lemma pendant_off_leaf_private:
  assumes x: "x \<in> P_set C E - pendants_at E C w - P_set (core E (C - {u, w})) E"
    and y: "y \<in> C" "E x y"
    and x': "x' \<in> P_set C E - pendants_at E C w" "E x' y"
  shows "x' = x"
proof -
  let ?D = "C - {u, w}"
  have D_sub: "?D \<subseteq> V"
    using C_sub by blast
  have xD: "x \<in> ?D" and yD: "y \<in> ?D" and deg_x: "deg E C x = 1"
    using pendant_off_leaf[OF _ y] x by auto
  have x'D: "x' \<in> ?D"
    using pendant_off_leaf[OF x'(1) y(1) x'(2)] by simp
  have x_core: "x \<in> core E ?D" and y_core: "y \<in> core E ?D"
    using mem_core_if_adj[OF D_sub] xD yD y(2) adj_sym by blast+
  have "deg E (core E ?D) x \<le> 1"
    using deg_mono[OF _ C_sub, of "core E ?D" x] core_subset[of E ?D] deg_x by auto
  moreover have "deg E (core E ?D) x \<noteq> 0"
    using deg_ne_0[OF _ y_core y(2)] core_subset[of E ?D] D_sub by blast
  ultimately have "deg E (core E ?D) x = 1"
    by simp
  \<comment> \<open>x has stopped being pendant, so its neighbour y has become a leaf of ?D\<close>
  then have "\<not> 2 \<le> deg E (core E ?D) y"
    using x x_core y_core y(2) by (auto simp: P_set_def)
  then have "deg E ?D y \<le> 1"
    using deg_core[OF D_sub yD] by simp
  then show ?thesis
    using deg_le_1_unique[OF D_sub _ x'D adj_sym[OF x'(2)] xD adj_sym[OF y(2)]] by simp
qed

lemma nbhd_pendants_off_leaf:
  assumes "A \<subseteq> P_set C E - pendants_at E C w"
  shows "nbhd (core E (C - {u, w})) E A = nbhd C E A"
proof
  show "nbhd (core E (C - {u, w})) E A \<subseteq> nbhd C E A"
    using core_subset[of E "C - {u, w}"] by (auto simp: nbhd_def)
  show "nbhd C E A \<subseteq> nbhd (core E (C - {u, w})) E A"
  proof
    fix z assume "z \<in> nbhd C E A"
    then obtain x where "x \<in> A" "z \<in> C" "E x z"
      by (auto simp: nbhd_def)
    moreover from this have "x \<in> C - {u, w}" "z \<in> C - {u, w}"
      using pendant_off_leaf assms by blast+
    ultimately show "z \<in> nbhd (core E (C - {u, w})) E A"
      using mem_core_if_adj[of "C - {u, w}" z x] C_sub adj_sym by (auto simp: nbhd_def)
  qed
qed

---

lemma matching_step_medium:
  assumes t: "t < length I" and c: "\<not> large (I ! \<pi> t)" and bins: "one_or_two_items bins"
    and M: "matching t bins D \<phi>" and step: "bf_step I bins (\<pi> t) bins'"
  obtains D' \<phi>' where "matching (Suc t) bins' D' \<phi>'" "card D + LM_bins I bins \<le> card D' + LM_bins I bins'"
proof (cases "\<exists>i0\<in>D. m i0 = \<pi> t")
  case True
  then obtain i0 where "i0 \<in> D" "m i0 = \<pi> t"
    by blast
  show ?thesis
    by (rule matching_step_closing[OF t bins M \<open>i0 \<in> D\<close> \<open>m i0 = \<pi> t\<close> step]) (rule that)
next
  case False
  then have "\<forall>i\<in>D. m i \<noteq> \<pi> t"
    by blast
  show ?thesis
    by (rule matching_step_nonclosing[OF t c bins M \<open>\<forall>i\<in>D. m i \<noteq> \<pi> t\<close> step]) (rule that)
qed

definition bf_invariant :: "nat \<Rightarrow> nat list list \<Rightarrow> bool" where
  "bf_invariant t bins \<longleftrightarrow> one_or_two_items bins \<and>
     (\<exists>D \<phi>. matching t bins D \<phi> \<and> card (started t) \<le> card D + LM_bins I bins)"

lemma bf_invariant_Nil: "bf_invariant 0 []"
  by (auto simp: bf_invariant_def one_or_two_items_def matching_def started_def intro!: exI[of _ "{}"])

...

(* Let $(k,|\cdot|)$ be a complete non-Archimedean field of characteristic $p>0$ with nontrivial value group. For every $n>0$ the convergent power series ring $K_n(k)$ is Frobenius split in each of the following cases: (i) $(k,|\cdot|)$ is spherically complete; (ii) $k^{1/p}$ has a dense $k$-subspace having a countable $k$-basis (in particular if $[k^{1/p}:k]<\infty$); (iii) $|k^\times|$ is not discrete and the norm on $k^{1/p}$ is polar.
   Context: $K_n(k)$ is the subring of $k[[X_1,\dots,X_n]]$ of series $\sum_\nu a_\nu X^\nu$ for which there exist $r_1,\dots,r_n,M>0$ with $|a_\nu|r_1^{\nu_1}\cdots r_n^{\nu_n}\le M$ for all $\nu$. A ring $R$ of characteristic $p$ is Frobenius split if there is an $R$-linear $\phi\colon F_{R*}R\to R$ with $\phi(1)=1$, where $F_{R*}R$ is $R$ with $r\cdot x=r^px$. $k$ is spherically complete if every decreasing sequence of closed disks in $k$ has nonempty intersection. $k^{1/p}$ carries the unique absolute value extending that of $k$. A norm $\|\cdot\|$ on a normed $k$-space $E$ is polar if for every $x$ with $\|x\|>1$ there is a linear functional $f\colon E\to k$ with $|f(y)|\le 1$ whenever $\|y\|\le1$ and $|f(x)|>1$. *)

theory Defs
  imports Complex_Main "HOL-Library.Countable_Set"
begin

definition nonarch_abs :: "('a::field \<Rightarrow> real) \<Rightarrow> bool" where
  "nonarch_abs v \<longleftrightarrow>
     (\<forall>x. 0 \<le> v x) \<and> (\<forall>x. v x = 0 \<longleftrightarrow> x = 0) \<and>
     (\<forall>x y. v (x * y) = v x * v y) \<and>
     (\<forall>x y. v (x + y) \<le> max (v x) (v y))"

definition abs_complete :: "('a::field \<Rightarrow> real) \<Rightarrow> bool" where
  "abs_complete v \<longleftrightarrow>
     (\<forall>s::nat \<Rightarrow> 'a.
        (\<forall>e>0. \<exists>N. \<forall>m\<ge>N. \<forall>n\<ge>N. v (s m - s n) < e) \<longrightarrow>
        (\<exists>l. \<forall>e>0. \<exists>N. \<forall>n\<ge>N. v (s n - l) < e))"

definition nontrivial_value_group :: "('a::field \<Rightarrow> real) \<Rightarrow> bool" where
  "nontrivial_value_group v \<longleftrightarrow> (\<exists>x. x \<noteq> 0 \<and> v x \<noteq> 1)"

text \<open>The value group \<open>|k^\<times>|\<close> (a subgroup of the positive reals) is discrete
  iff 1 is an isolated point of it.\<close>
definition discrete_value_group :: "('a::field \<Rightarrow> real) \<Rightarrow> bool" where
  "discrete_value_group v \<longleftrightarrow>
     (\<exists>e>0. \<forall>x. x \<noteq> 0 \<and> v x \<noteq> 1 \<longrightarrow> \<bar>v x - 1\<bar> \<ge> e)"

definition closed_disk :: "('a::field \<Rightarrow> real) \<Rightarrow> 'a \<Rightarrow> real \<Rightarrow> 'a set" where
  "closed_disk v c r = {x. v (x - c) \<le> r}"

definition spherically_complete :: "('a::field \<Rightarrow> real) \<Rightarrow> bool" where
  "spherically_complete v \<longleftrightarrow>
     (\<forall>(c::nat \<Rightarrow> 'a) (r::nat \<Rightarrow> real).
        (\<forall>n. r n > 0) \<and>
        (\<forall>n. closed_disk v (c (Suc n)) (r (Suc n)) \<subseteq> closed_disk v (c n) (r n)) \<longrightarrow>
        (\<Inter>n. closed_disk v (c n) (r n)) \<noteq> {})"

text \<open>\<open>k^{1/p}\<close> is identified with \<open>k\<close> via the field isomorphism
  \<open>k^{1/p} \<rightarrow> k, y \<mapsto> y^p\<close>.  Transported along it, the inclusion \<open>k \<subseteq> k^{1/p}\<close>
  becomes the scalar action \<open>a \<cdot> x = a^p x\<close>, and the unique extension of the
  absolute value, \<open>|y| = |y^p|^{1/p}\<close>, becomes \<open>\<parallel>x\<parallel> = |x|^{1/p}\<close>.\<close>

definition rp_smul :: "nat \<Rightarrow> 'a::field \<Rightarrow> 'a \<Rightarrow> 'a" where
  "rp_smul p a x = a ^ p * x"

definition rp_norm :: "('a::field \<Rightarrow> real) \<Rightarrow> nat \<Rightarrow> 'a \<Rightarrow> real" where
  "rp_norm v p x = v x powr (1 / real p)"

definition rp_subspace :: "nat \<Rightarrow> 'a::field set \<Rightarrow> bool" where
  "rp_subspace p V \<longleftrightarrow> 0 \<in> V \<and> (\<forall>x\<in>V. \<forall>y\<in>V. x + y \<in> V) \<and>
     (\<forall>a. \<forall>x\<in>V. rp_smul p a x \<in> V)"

▶ WHAT TO PRODUCE
Copy each line above where the string "definition" occurs.

▶ TASK RESPONSE
definition bf_invariant :: "nat \<Rightarrow> nat list list \<Rightarrow> bool" where
definition nonarch_abs :: "('a::field \<Rightarrow> real) \<Rightarrow> bool" where
definition abs_complete :: "('a::field \<Rightarrow> real) \<Rightarrow> bool" where
definition nontrivial_value_group :: "('a::field \<Rightarrow> real) \<Rightarrow> bool" where
definition discrete_value_group :: "('a::field \<Rightarrow> real) \<Rightarrow> bool" where
definition closed_disk :: "('a::field \<Rightarrow> real) \<Rightarrow> 'a \<Rightarrow> real \<Rightarrow> 'a set" where
definition spherically_complete :: "('a::field \<Rightarrow> real) \<Rightarrow> bool" where
definition rp_smul :: "nat \<Rightarrow> 'a::field \<Rightarrow> 'a \<Rightarrow> 'a" where
definition rp_norm :: "('a::field \<Rightarrow> real) \<Rightarrow> nat \<Rightarrow> 'a \<Rightarrow> real" where
definition rp_subspace :: "nat \<Rightarrow> 'a::field set \<Rightarrow> bool" where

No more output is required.